# EXERCISE DESCRIPTION:
When the line with "opD Us Fs) \<and>" appears below, start repeating lines exactly, and keep going through the line with "m) (kron U'"; add nothing outside that span.

◇ ◇ ◇

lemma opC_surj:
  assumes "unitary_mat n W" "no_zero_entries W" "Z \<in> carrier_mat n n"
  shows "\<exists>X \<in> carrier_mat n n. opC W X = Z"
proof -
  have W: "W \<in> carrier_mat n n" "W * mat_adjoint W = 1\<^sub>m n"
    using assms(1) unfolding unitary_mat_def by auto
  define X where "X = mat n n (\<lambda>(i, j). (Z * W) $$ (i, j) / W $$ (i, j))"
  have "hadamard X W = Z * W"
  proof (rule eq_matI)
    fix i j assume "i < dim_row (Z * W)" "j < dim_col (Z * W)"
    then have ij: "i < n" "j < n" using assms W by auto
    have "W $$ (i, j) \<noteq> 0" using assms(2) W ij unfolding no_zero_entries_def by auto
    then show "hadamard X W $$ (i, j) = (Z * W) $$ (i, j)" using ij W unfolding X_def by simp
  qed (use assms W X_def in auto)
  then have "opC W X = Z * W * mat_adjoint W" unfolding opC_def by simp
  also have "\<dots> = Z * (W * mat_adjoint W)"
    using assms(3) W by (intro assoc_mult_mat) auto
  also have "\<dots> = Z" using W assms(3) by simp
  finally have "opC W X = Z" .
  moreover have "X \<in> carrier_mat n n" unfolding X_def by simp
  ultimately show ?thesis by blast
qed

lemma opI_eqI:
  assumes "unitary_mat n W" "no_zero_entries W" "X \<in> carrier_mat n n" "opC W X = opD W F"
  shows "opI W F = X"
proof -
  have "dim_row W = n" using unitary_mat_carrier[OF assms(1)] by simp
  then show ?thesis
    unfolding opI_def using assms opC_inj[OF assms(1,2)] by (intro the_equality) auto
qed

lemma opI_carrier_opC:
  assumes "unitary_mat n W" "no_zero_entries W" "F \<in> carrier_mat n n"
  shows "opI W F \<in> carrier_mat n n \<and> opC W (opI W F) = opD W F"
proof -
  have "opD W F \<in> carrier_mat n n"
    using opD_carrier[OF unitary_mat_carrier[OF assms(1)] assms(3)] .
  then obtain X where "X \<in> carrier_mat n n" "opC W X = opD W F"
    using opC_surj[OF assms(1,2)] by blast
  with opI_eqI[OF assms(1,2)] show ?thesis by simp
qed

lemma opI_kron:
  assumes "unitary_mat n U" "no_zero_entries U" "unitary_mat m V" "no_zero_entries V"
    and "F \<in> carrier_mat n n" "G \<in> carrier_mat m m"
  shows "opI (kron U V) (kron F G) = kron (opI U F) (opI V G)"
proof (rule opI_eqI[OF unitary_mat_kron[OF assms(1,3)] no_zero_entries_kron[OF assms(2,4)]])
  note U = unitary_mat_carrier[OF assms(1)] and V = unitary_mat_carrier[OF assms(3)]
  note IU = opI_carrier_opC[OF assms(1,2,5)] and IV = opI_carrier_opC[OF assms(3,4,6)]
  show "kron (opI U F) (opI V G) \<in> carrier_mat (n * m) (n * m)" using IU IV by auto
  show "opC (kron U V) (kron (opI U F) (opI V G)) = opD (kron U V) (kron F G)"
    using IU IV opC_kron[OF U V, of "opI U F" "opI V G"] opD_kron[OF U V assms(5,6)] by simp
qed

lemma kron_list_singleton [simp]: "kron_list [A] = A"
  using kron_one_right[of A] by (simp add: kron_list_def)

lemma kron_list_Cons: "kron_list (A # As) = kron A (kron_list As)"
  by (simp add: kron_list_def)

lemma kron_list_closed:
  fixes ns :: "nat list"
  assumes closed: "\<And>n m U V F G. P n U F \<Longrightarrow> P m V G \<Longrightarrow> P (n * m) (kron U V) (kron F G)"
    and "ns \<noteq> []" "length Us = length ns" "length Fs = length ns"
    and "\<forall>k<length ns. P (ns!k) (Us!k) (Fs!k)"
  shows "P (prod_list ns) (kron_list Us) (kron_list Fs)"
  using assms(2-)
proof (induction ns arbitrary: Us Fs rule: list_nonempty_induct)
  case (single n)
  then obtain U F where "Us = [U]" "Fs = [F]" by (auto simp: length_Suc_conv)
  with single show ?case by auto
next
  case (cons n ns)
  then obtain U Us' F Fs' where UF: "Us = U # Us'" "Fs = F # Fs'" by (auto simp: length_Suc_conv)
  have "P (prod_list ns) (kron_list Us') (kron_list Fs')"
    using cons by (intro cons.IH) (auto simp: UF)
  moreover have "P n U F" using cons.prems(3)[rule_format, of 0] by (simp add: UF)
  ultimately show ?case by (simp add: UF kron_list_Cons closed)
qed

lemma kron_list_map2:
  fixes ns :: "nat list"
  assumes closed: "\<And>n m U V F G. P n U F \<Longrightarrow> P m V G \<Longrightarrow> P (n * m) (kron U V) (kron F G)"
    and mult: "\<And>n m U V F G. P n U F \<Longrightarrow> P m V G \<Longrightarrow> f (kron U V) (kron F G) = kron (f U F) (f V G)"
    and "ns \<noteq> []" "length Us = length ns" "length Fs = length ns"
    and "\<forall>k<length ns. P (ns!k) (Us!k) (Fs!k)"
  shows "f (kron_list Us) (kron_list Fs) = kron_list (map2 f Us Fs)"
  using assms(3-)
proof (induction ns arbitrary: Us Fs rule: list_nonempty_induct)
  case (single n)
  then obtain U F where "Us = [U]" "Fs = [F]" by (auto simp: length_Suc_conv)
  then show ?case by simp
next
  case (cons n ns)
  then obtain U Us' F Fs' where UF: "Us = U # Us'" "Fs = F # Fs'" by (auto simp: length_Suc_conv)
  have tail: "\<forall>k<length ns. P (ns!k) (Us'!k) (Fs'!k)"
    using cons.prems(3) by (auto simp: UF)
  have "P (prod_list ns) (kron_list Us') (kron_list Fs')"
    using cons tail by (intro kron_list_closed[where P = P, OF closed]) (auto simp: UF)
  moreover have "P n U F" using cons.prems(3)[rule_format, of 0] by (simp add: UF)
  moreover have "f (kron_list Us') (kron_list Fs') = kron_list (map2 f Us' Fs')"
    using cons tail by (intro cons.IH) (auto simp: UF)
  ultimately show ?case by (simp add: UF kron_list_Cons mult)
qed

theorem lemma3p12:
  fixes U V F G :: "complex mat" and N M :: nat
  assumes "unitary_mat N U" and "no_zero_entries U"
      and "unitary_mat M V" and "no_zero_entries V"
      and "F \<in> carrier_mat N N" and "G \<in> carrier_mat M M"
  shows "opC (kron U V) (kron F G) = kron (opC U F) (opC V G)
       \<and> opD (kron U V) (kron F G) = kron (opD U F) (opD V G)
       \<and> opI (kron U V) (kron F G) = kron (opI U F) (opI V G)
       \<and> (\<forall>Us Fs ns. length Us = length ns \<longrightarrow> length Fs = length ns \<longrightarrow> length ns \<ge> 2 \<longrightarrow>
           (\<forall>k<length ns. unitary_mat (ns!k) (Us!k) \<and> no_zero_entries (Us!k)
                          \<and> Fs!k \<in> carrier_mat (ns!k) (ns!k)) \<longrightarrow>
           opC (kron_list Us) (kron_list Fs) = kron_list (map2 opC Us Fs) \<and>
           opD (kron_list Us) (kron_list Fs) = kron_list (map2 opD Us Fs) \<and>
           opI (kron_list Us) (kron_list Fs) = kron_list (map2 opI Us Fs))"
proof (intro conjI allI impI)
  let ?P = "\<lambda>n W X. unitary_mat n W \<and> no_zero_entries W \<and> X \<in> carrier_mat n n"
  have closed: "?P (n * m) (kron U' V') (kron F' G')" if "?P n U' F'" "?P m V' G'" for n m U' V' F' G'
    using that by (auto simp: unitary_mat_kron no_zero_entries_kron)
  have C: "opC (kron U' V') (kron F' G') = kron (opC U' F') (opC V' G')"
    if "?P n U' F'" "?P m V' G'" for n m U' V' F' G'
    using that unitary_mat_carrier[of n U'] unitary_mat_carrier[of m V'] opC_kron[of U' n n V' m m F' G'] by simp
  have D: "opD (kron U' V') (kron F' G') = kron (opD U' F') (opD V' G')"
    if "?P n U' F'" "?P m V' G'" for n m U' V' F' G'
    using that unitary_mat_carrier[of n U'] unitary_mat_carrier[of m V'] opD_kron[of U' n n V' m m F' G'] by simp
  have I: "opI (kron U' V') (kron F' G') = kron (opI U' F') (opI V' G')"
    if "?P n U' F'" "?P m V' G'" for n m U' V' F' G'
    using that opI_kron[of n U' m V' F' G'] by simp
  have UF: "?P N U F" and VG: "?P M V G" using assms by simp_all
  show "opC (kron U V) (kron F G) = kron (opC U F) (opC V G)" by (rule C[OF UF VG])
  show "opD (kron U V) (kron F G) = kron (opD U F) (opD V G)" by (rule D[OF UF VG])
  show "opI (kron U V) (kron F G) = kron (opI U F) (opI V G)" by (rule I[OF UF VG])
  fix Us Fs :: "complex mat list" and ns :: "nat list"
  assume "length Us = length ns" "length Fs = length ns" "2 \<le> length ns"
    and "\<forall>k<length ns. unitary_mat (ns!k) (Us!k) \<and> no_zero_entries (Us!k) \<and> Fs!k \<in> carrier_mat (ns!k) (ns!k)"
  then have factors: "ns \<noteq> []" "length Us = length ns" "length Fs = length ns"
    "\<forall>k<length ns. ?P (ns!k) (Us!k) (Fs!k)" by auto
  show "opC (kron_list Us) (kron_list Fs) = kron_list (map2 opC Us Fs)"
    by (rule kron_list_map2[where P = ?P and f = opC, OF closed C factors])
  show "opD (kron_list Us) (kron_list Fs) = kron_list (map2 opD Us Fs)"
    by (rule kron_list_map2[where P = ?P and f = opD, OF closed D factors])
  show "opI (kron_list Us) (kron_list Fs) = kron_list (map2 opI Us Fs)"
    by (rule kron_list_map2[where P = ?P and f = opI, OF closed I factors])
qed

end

◇ ◇ ◇

# ANSWER BELOW:
           opD (kron_list Us) (kron_list Fs) = kron_list (map2 opD Us Fs) \<and>
           opI (kron_list Us) (kron_list Fs) = kron_list (map2 opI Us Fs))"
proof (intro conjI allI impI)
  let ?P = "\<lambda>n W X. unitary_mat n W \<and> no_zero_entries W \<and> X \<in> carrier_mat n n"
  have closed: "?P (n * m) (kron U' V') (kron F' G')" if "?P n U' F'" "?P m V' G'" for n m U' V' F' G'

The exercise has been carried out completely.